lemma sset_map_ex2_label:
  assumes L: "simplicial_complex L" and \<sigma>: "\<sigma> \<in> csimps L" and \<phi>: "\<And>D. \<phi> D \<in> \<sigma>"
    and act: "\<And>m n \<psi> \<theta>. sset_act X m n \<psi> \<theta> = op_comp m \<theta> \<psi>"
  shows "sset_map X (Ex (Ex (Sing L))) (\<lambda>m \<theta>. ex2_label (\<lambda>D. \<phi> ((`) \<theta> ` D)) m)"
  unfolding sset_map_def
proof (intro conjI allI impI)
  fix m \<theta>
  show "ex2_label (\<lambda>D. \<phi> ((`) \<theta> ` D)) m \<in> sset_set (Ex (Ex (Sing L))) m"
    by (rule ex2_label_mem_Ex_Ex_Sing[OF L \<sigma> \<phi>])
next
  fix m n \<psi> \<theta>
  assume "simp_op m n \<psi> \<and> \<theta> \<in> sset_set X n"
  then have "sset_act (Ex (Ex (Sing L))) m n \<psi> (ex2_label (\<lambda>D. \<phi> ((`) \<theta> ` D)) n) =
      ex2_label (\<lambda>D. \<phi> ((`) \<theta> ` (`) \<psi> ` D)) m"
    by (simp add: sset_act_Ex_ex2_label)
  also have "\<dots> = ex2_label (\<lambda>D. \<phi> ((`) (sset_act X m n \<psi> \<theta>) ` D)) m"
  proof (rule ex2_label_cong)
    fix D :: "nat set set"
    assume "\<forall>S\<in>D. S \<subseteq> {0..m}"
    then have "op_comp m \<theta> \<psi> ` S = \<theta> ` \<psi> ` S" if "S \<in> D" for S
    proof -
      have "S \<subseteq> {0..m}" using that \<open>\<forall>S\<in>D. S \<subseteq> {0..m}\<close> by blast
      then show ?thesis unfolding op_comp_def image_image by (intro image_cong) auto
    qed
    then have "(`) (sset_act X m n \<psi> \<theta>) ` D = (\<lambda>S. \<theta> ` \<psi> ` S) ` D"
      unfolding act by (rule image_cong[OF refl])
    then show "\<phi> ((`) \<theta> ` (`) \<psi> ` D) = \<phi> ((`) (sset_act X m n \<psi> \<theta>) ` D)"
      by (simp only: image_image)
  qed
  finally show "ex2_label (\<lambda>D. \<phi> ((`) (sset_act X m n \<psi> \<theta>) ` D)) m =
      sset_act (Ex (Ex (Sing L))) m n \<psi> (ex2_label (\<lambda>D. \<phi> ((`) \<theta> ` D)) n)"
    by (rule sym)
qed

lemma ex2_label_apply:
  assumes "c \<in> sset_set (sd_std m) l" "c' \<in> sset_set (sd_std l) l'" "i \<le> l'"
  shows "ex2_label \<phi> m l c l' c' i = \<phi> (c ` c' i)"
  using assms by (simp add: ex2_label_def ex_label_def)

section \<open>Invariants of simplices are constant on path components of the realization\<close>

lemma istopology_realization:
  "istopology (\<lambda>U. U \<subseteq> real_points X \<and>
      (\<forall>n x. x \<in> sset_set X n \<longrightarrow>
          openin (subtopology (powertop_real UNIV) (standard_simplex n))
                 {t \<in> standard_simplex n. real_class X (n, x, t) \<in> U}))"
proof -
  have Int: "{t \<in> A. f t \<in> S \<inter> T} = {t \<in> A. f t \<in> S} \<inter> {t \<in> A. f t \<in> T}"
    and Union: "{t \<in> A. f t \<in> \<Union>\<U>} = (\<Union>U\<in>\<U>. {t \<in> A. f t \<in> U})"
    for A :: "'c set" and f :: "'c \<Rightarrow> 'd" and S T \<U>
    by auto
  show ?thesis
    unfolding istopology_def Int Union
    by (intro conjI allI impI ballI openin_Int openin_Union; blast)
qed

lemma openin_realization:
  "openin (realization X) U \<longleftrightarrow> U \<subseteq> real_points X \<and>
      (\<forall>n x. x \<in> sset_set X n \<longrightarrow>
          openin (subtopology (powertop_real UNIV) (standard_simplex n))
                 {t \<in> standard_simplex n. real_class X (n, x, t) \<in> U})"
  unfolding realization_def by (subst topology_inverse'[OF istopology_realization]) (rule refl)

lemma openin_standard_simplex_const:
  "openin (subtopology (powertop_real UNIV) (standard_simplex n)) {t \<in> standard_simplex n. P}"
proof (cases P)
  case True
  then show ?thesis
    using openin_topspace[of "subtopology (powertop_real UNIV) (standard_simplex n)"]
    by (simp add: topspace_standard_simplex)
qed simp

lemma topspace_realization: "topspace (realization X) = real_points X"
proof
  have "{t \<in> standard_simplex n. real_class X (n, x, t) \<in> real_points X} = standard_simplex n"
    if "x \<in> sset_set X n" for n x
    using that by (auto simp: real_points_def real_carrier_def)
  then have "openin (realization X) (real_points X)"
    unfolding openin_realization using openin_standard_simplex_const[of _ True] by simp
  then show "real_points X \<subseteq> topspace (realization X)"
    by (rule openin_subset)
  show "topspace (realization X) \<subseteq> real_points X"
    using openin_topspace[of "realization X"] unfolding openin_realization by blast
qed

lemma real_class_self: "q \<in> real_class X q"
  unfolding real_class_def by blast

definition sset_invariant :: "'x sset \<Rightarrow> (nat \<Rightarrow> 'x \<Rightarrow> bool) \<Rightarrow> bool" where
  "sset_invariant X Q \<longleftrightarrow>
     (\<forall>m n \<theta> x. simp_op m n \<theta> \<and> x \<in> sset_set X n \<longrightarrow> (Q m (sset_act X m n \<theta> x) \<longleftrightarrow> Q n x))"

lemma real_class_sset_invariant:
  assumes Q: "sset_invariant X Q" and "(n, y, t) \<in> real_class X (m, x, s)"
  shows "Q n y \<longleftrightarrow> Q m x"
proof -
  let ?R = "real_rel X"
  have step: "Q (fst q) (fst (snd q)) \<longleftrightarrow> Q (fst q') (fst (snd q'))" if "(q, q') \<in> ?R" for q q'
    using that Q unfolding real_rel_def sset_invariant_def by auto
  have "((m, x, s), (n, y, t)) \<in> (?R \<union> ?R\<inverse>)\<^sup>*"
    using assms(2) unfolding real_class_def by blast
  then have "Q m x \<longleftrightarrow> Q (fst (n, y, t)) (fst (snd (n, y, t)))"
    by (induction rule: rtrancl_induct) (auto dest: step)
  then show ?thesis by simp
qed

lemma real_class_mem_sset_invariant_image:
  assumes Q: "sset_invariant X Q" and q: "(n, x, t) \<in> real_carrier X"
  shows "real_class X (n, x, t) \<in> real_class X ` {(n, x, t) \<in> real_carrier X. Q n x} \<longleftrightarrow> Q n x"
proof
  assume "real_class X (n, x, t) \<in> real_class X ` {(n, x, t) \<in> real_carrier X. Q n x}"
  then obtain n' x' t' where "Q n' x'" "real_class X (n, x, t) = real_class X (n', x', t')"
    by auto
  then have "(n, x, t) \<in> real_class X (n', x', t')"
    using real_class_self[of "(n, x, t)" X] by simp
  with \<open>Q n' x'\<close> show "Q n x"
    using real_class_sset_invariant[OF Q] by simp
qed (use q in blast)

lemma openin_realization_constant_on_simplices:
  assumes "U \<subseteq> real_points X"
    and const: "\<And>n x t t'. x \<in> sset_set X n \<Longrightarrow> t \<in> standard_simplex n \<Longrightarrow>
                  t' \<in> standard_simplex n \<Longrightarrow> real_class X (n, x, t) \<in> U \<Longrightarrow> real_class X (n, x, t') \<in> U"
  shows "openin (realization X) U"
  unfolding openin_realization
proof (intro conjI allI impI)
  fix n x
  assume x: "x \<in> sset_set X n"
  have eq: "{t \<in> standard_simplex n. real_class X (n, x, t) \<in> U} =
      {t \<in> standard_simplex n. \<exists>t'\<in>standard_simplex n. real_class X (n, x, t') \<in> U}"
    using const[OF x] by blast
  show "openin (subtopology (powertop_real UNIV) (standard_simplex n))
      {t \<in> standard_simplex n. real_class X (n, x, t) \<in> U}"
    unfolding eq by (rule openin_standard_simplex_const)
qed (rule assms(1))

lemma path_component_of_clopen:
  assumes "path_component_of X a b" "openin X U" "openin X (topspace X - U)"
  shows "a \<in> U \<longleftrightarrow> b \<in> U"
proof -
  obtain g where g: "pathin X g" "g 0 = a" "g 1 = b"
    using assms(1) unfolding path_component_of_def by blast
  have "closedin X U"
    using assms(2,3) by (simp add: closedin_def openin_subset)
  then have "g ` {0..1} \<subseteq> U \<or> disjnt (g ` {0..1}) U"
    using connectedin_clopen_cases[OF connectedin_path_image[OF g(1)] _ assms(2)] by blast
  moreover have "a \<in> g ` {0..1}" "b \<in> g ` {0..1}"
    using g(2,3) by force+
  ultimately show ?thesis
    by (auto simp: disjnt_def)
qed

lemma realization_path_component_sset_invariant:
  assumes Q: "sset_invariant X Q" and pc: "path_component_of (realization X) c d"
    and "(m, x, s) \<in> c" "(n, y, t) \<in> d"
  shows "Q m x \<longleftrightarrow> Q n y"
proof -
  define U where "U = real_class X ` {(n, x, t) \<in> real_carrier X. Q n x}"
  have U_iff: "real_class X (k, z, r) \<in> U \<longleftrightarrow> Q k z" if "(k, z, r) \<in> real_carrier X" for k z r
    unfolding U_def by (rule real_class_mem_sset_invariant_image[OF Q that])
  have "openin (realization X) U"
  proof (rule openin_realization_constant_on_simplices)
    show "U \<subseteq> real_points X"
      unfolding U_def real_points_def by blast
  qed (simp add: U_iff real_carrier_def)
  moreover have "openin (realization X) (topspace (realization X) - U)"
    unfolding topspace_realization
    by (rule openin_realization_constant_on_simplices)
      (auto simp: real_points_def U_iff real_carrier_def)
  ultimately have U: "openin (realization X) U" "openin (realization X) (topspace (realization X) - U)" .
  have Q_iff: "Q k z \<longleftrightarrow> e \<in> U"
    if e: "e \<in> topspace (realization X)" and kzr: "(k, z, r) \<in> e" for e k z r
  proof -
    obtain q where "q \<in> real_carrier X" "e = real_class X q"
      using e unfolding topspace_realization real_points_def by blast
    moreover obtain k' z' r' where "q = (k', z', r')"
      by (cases q)
    ultimately have carrier: "(k', z', r') \<in> real_carrier X" and e_eq: "e = real_class X (k', z', r')"
      by simp_all
    have "Q k z \<longleftrightarrow> Q k' z'"
      using real_class_sset_invariant[OF Q] kzr e_eq by simp
    then show ?thesis
      using U_iff[OF carrier] e_eq by simp
  qed
  have "c \<in> topspace (realization X)" "d \<in> topspace (realization X)"
    using path_component_in_topspace[OF pc] by auto
  then have "Q m x \<longleftrightarrow> c \<in> U" "Q n y \<longleftrightarrow> d \<in> U"
    using Q_iff assms(3,4) by blast+
  then show ?thesis
    using path_component_of_clopen[OF pc U] by simp
qed

lemma realization_map_representative:
  assumes "c \<in> topspace (realization X)"
  obtains n x t where "(n, x, t) \<in> c" "(n, f n x, t) \<in> realization_map X Y f c"
proof -
  obtain q0 where "c = real_class X q0"
    using assms unfolding topspace_realization real_points_def by blast
  then have "q0 \<in> c"
    using real_class_self by simp
  then have "(SOME q. q \<in> c) \<in> c"
    by (rule someI)
  moreover obtain n x t where nxt: "(SOME q. q \<in> c) = (n, x, t)"
    by (cases "SOME q. q \<in> c")
  moreover have "realization_map X Y f c = real_class Y (n, f n x, t)"
    unfolding realization_map_def nxt by simp
  ultimately show ?thesis
    by (intro that[of n x t]) (simp_all add: real_class_self)
qed

section \<open>Lifting simplices along a trivial fibration\<close>

definition final_segment_chain :: "nat \<Rightarrow> nat \<Rightarrow> nat set" where
  "final_segment_chain N j = (if j \<le> N then {N - j..N} else {})"

lemma final_segment_chain_mem: "final_segment_chain N \<in> sset_set (sd_std N) N"
  unfolding mem_sd_std final_segment_chain_def by auto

————————

Reproduce the listing above exactly from the line containing "(if j \<le>" through its last line, with both of those lines included.

> [Output]:
  "final_segment_chain N j = (if j \<le> N then {N - j..N} else {})"

lemma final_segment_chain_mem: "final_segment_chain N \<in> sset_set (sd_std N) N"
  unfolding mem_sd_std final_segment_chain_def by auto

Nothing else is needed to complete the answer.